INPUT FOR THIS TASK -
lemma alpha_beta_plus_eq:
  assumes "a < 0" "-1 < m" "m < 0" "0 < M"
  shows "alpha_plus a m M = M / r a M - r a M / (2 * a * r a m)"
    and "beta_plus a m M = M / r a M + r a M / (2 * a * r a m)"
proof -
  have nz: "a \<noteq> 0" "m \<noteq> 0" "1 + m \<noteq> 0" "1 + M \<noteq> 0" "M \<noteq> 0" using assms by auto
  have "M / r a M = (1 + M) / a" using nz by (simp add: r_def)
  moreover have "r a M / (2 * a * r a m) = M * (1 + m) / (2 * a * m * (1 + M))"
    using nz by (simp add: r_def divide_simps)
  ultimately show "alpha_plus a m M = M / r a M - r a M / (2 * a * r a m)"
    and "beta_plus a m M = M / r a M + r a M / (2 * a * r a m)"
    by (simp_all add: alpha_plus_def beta_plus_def)
qed

lemma z_plus_eq_profile:
  assumes "a < 0" "-1 < m" "m < 0" "0 < M"
  shows "z_plus a m M = profile (a * r a m) M (r a M)"
  using alpha_beta_plus_eq[OF assms]
  by (simp add: fun_eq_iff z_plus_def profile_def parabola_start_def parabola_end_def mult.assoc)

lemma parabola_end_eq_beta_plus:
  assumes "a < 0" "-1 < m" "m < 0" "0 < M"
  shows "parabola_end (a * r a m) M (r a M) = beta_plus a m M"
  using alpha_beta_plus_eq(2)[OF assms] by (simp add: parabola_end_def mult.assoc)

lemma continuous_on_r_profile:
  assumes "k < 0" "\<rho> < 0" "parabola_end k M \<rho> \<le> 0"
  shows "continuous_on {-1..0} (\<lambda>s. r a (profile k M \<rho> s))"
proof (rule continuous_on_compose2[OF continuous_on_r])
  show "continuous_on {-1..0} (profile k M \<rho>)"
    using continuous_on_profile[OF assms(1,2)] by (rule continuous_on_subset) simp
  show "profile k M \<rho> ` {-1..0} \<subseteq> {-1<..}"
    using profile_nonneg[OF assms] by force
qed

lemma L_strict_antimono:
  assumes a: "a < 0" and m: "-1 < m" "m < 0" and M: "0 < M\<^sub>1" "M\<^sub>1 < M\<^sub>2"
    and \<beta>: "beta_plus a m M\<^sub>1 < 0" "beta_plus a m M\<^sub>2 < 0"
  shows "L a M\<^sub>2 m < L a M\<^sub>1 m"
proof -
  define k where "k = a * r a m"
  have k: "k < 0" using r_pos[OF a m] a by (simp add: k_def mult_neg_pos)
  have \<rho>: "r a M\<^sub>2 < r a M\<^sub>1" "r a M\<^sub>1 < 0" using r_strict_antimono[OF a] r_neg[OF a] M by auto
  have M\<^sub>2: "0 < M\<^sub>2" using M by simp
  note \<beta>_eq = parabola_end_eq_beta_plus[OF a m, folded k_def]
  let ?f = "\<lambda>M s. r a (profile k M (r a M) s)"
  have "integral {-1..0} (?f M\<^sub>2) < integral {-1..0} (?f M\<^sub>1)"
  proof (rule integral_less_real)
    show "continuous_on {-1..0} (?f M\<^sub>1)" "continuous_on {-1..0} (?f M\<^sub>2)"
      using continuous_on_r_profile[OF k] \<rho> \<beta> \<beta>_eq M\<^sub>2 M by auto
    show "{-1<..<0::real} \<noteq> {}" by (simp add: greaterThanLessThan_empty_iff)
  next
    fix t :: real assume t: "t \<in> {-1<..<0}"
    have "profile k M\<^sub>1 (r a M\<^sub>1) t < profile k M\<^sub>2 (r a M\<^sub>2) t"
      using profile_less_profile[OF k \<rho>] M \<beta>(2) \<beta>_eq[OF M\<^sub>2] t by simp
    moreover have "0 \<le> profile k M\<^sub>1 (r a M\<^sub>1) t"
      using profile_nonneg[OF k \<rho>(2)] \<beta>(1) \<beta>_eq M t by simp
    ultimately show "?f M\<^sub>2 t < ?f M\<^sub>1 t" using r_strict_antimono[OF a] by blast
  qed
  then show ?thesis using z_plus_eq_profile[OF a m, folded k_def] M M\<^sub>2 by (simp add: L_def)
qed

lemma z_plus_at_zero: "z_plus a m 0 = (\<lambda>_. 0)"
  by (simp add: fun_eq_iff z_plus_def alpha_plus_def beta_plus_def r_def)

lemma L_at_zero: "L a 0 m = 0"
  by (simp add: L_def z_plus_at_zero r_def)

lemma integral_r_linear:
  assumes c: "c < 1" "c \<noteq> 0"
  shows "integral {-1..0} (\<lambda>s. r a (c * s)) = a + a * ln (1 - c) / c"
proof -
  define \<Phi> where "\<Phi> s = a * s - a * ln (1 + c * s) / c" for s
  have "((\<lambda>s. r a (c * s)) has_integral \<Phi> 0 - \<Phi> (-1)) {-1..0}"
  proof (rule fundamental_theorem_of_calculus)
    fix s :: real assume s: "s \<in> {-1..0}"
    have "0 < 1 + c * s"
    proof (cases "0 \<le> c")
      case True
      then have "c * -1 \<le> c * s" using s by (intro mult_left_mono) auto
      then show ?thesis using c by simp
    next
      case False
      then show ?thesis using s by (simp add: mult_nonpos_nonpos add_pos_nonneg)
    qed
    then have "(\<Phi> has_real_derivative r a (c * s)) (at s)"
      unfolding \<Phi>_def using c
      by (auto intro!: derivative_eq_intros simp: r_def divide_simps) (simp add: algebra_simps)
    then show "(\<Phi> has_vector_derivative r a (c * s)) (at s within {-1..0})"
      by (simp add: has_real_derivative_iff_has_vector_derivative has_vector_derivative_at_within)
  qed simp
  then show ?thesis by (simp add: integral_unique \<Phi>_def)
qed

lemma L_eq_closed_form:
  assumes a: "a < 0" and m: "-1 < m" "m < 0" and M: "0 < M" and \<beta>: "beta_plus a m M < -1"
  shows "L a M m = a + a * ln (1 - r a M) / r a M"
proof -
  have k: "a * r a m < 0" and \<rho>: "r a M < 0"
    using r_pos[OF a m] r_neg[OF a M] a by (auto simp: mult_neg_pos)
  have "z_plus a m M s = r a M * s" if "s \<in> {-1..0}" for s
    using profile_eq_linear[OF k \<rho>] z_plus_eq_profile[OF a m M] parabola_end_eq_beta_plus[OF a m M] \<beta> that
    by simp
  then have "L a M m = integral {-1..0} (\<lambda>s. r a (r a M * s))"
    unfolding L_def by (intro integral_cong) simp
  also have "\<dots> = a + a * ln (1 - r a M) / r a M"
    using \<rho> by (intro integral_r_linear) auto
  finally show ?thesis .
qed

TASK DETAILS -
Output all of the data above without any alteration.

OUTPUT BELOW -
lemma alpha_beta_plus_eq:
  assumes "a < 0" "-1 < m" "m < 0" "0 < M"
  shows "alpha_plus a m M = M / r a M - r a M / (2 * a * r a m)"
    and "beta_plus a m M = M / r a M + r a M / (2 * a * r a m)"
proof -
  have nz: "a \<noteq> 0" "m \<noteq> 0" "1 + m \<noteq> 0" "1 + M \<noteq> 0" "M \<noteq> 0" using assms by auto
  have "M / r a M = (1 + M) / a" using nz by (simp add: r_def)
  moreover have "r a M / (2 * a * r a m) = M * (1 + m) / (2 * a * m * (1 + M))"
    using nz by (simp add: r_def divide_simps)
  ultimately show "alpha_plus a m M = M / r a M - r a M / (2 * a * r a m)"
    and "beta_plus a m M = M / r a M + r a M / (2 * a * r a m)"
    by (simp_all add: alpha_plus_def beta_plus_def)
qed

lemma z_plus_eq_profile:
  assumes "a < 0" "-1 < m" "m < 0" "0 < M"
  shows "z_plus a m M = profile (a * r a m) M (r a M)"
  using alpha_beta_plus_eq[OF assms]
  by (simp add: fun_eq_iff z_plus_def profile_def parabola_start_def parabola_end_def mult.assoc)

lemma parabola_end_eq_beta_plus:
  assumes "a < 0" "-1 < m" "m < 0" "0 < M"
  shows "parabola_end (a * r a m) M (r a M) = beta_plus a m M"
  using alpha_beta_plus_eq(2)[OF assms] by (simp add: parabola_end_def mult.assoc)

lemma continuous_on_r_profile:
  assumes "k < 0" "\<rho> < 0" "parabola_end k M \<rho> \<le> 0"
  shows "continuous_on {-1..0} (\<lambda>s. r a (profile k M \<rho> s))"
proof (rule continuous_on_compose2[OF continuous_on_r])
  show "continuous_on {-1..0} (profile k M \<rho>)"
    using continuous_on_profile[OF assms(1,2)] by (rule continuous_on_subset) simp
  show "profile k M \<rho> ` {-1..0} \<subseteq> {-1<..}"
    using profile_nonneg[OF assms] by force
qed

lemma L_strict_antimono:
  assumes a: "a < 0" and m: "-1 < m" "m < 0" and M: "0 < M\<^sub>1" "M\<^sub>1 < M\<^sub>2"
    and \<beta>: "beta_plus a m M\<^sub>1 < 0" "beta_plus a m M\<^sub>2 < 0"
  shows "L a M\<^sub>2 m < L a M\<^sub>1 m"
proof -
  define k where "k = a * r a m"
  have k: "k < 0" using r_pos[OF a m] a by (simp add: k_def mult_neg_pos)
  have \<rho>: "r a M\<^sub>2 < r a M\<^sub>1" "r a M\<^sub>1 < 0" using r_strict_antimono[OF a] r_neg[OF a] M by auto
  have M\<^sub>2: "0 < M\<^sub>2" using M by simp
  note \<beta>_eq = parabola_end_eq_beta_plus[OF a m, folded k_def]
  let ?f = "\<lambda>M s. r a (profile k M (r a M) s)"
  have "integral {-1..0} (?f M\<^sub>2) < integral {-1..0} (?f M\<^sub>1)"
  proof (rule integral_less_real)
    show "continuous_on {-1..0} (?f M\<^sub>1)" "continuous_on {-1..0} (?f M\<^sub>2)"
      using continuous_on_r_profile[OF k] \<rho> \<beta> \<beta>_eq M\<^sub>2 M by auto
    show "{-1<..<0::real} \<noteq> {}" by (simp add: greaterThanLessThan_empty_iff)
  next
    fix t :: real assume t: "t \<in> {-1<..<0}"
    have "profile k M\<^sub>1 (r a M\<^sub>1) t < profile k M\<^sub>2 (r a M\<^sub>2) t"
      using profile_less_profile[OF k \<rho>] M \<beta>(2) \<beta>_eq[OF M\<^sub>2] t by simp
    moreover have "0 \<le> profile k M\<^sub>1 (r a M\<^sub>1) t"
      using profile_nonneg[OF k \<rho>(2)] \<beta>(1) \<beta>_eq M t by simp
    ultimately show "?f M\<^sub>2 t < ?f M\<^sub>1 t" using r_strict_antimono[OF a] by blast
  qed
  then show ?thesis using z_plus_eq_profile[OF a m, folded k_def] M M\<^sub>2 by (simp add: L_def)
qed

lemma z_plus_at_zero: "z_plus a m 0 = (\<lambda>_. 0)"
  by (simp add: fun_eq_iff z_plus_def alpha_plus_def beta_plus_def r_def)

lemma L_at_zero: "L a 0 m = 0"
  by (simp add: L_def z_plus_at_zero r_def)

lemma integral_r_linear:
  assumes c: "c < 1" "c \<noteq> 0"
  shows "integral {-1..0} (\<lambda>s. r a (c * s)) = a + a * ln (1 - c) / c"
proof -
  define \<Phi> where "\<Phi> s = a * s - a * ln (1 + c * s) / c" for s
  have "((\<lambda>s. r a (c * s)) has_integral \<Phi> 0 - \<Phi> (-1)) {-1..0}"
  proof (rule fundamental_theorem_of_calculus)
    fix s :: real assume s: "s \<in> {-1..0}"
    have "0 < 1 + c * s"
    proof (cases "0 \<le> c")
      case True
      then have "c * -1 \<le> c * s" using s by (intro mult_left_mono) auto
      then show ?thesis using c by simp
    next
      case False
      then show ?thesis using s by (simp add: mult_nonpos_nonpos add_pos_nonneg)
    qed
    then have "(\<Phi> has_real_derivative r a (c * s)) (at s)"
      unfolding \<Phi>_def using c
      by (auto intro!: derivative_eq_intros simp: r_def divide_simps) (simp add: algebra_simps)
    then show "(\<Phi> has_vector_derivative r a (c * s)) (at s within {-1..0})"
      by (simp add: has_real_derivative_iff_has_vector_derivative has_vector_derivative_at_within)
  qed simp
  then show ?thesis by (simp add: integral_unique \<Phi>_def)
qed

lemma L_eq_closed_form:
  assumes a: "a < 0" and m: "-1 < m" "m < 0" and M: "0 < M" and \<beta>: "beta_plus a m M < -1"
  shows "L a M m = a + a * ln (1 - r a M) / r a M"
proof -
  have k: "a * r a m < 0" and \<rho>: "r a M < 0"
    using r_pos[OF a m] r_neg[OF a M] a by (auto simp: mult_neg_pos)
  have "z_plus a m M s = r a M * s" if "s \<in> {-1..0}" for s
    using profile_eq_linear[OF k \<rho>] z_plus_eq_profile[OF a m M] parabola_end_eq_beta_plus[OF a m M] \<beta> that
    by simp
  then have "L a M m = integral {-1..0} (\<lambda>s. r a (r a M * s))"
    unfolding L_def by (intro integral_cong) simp
  also have "\<dots> = a + a * ln (1 - r a M) / r a M"
    using \<rho> by (intro integral_r_linear) auto
  finally show ?thesis .
qed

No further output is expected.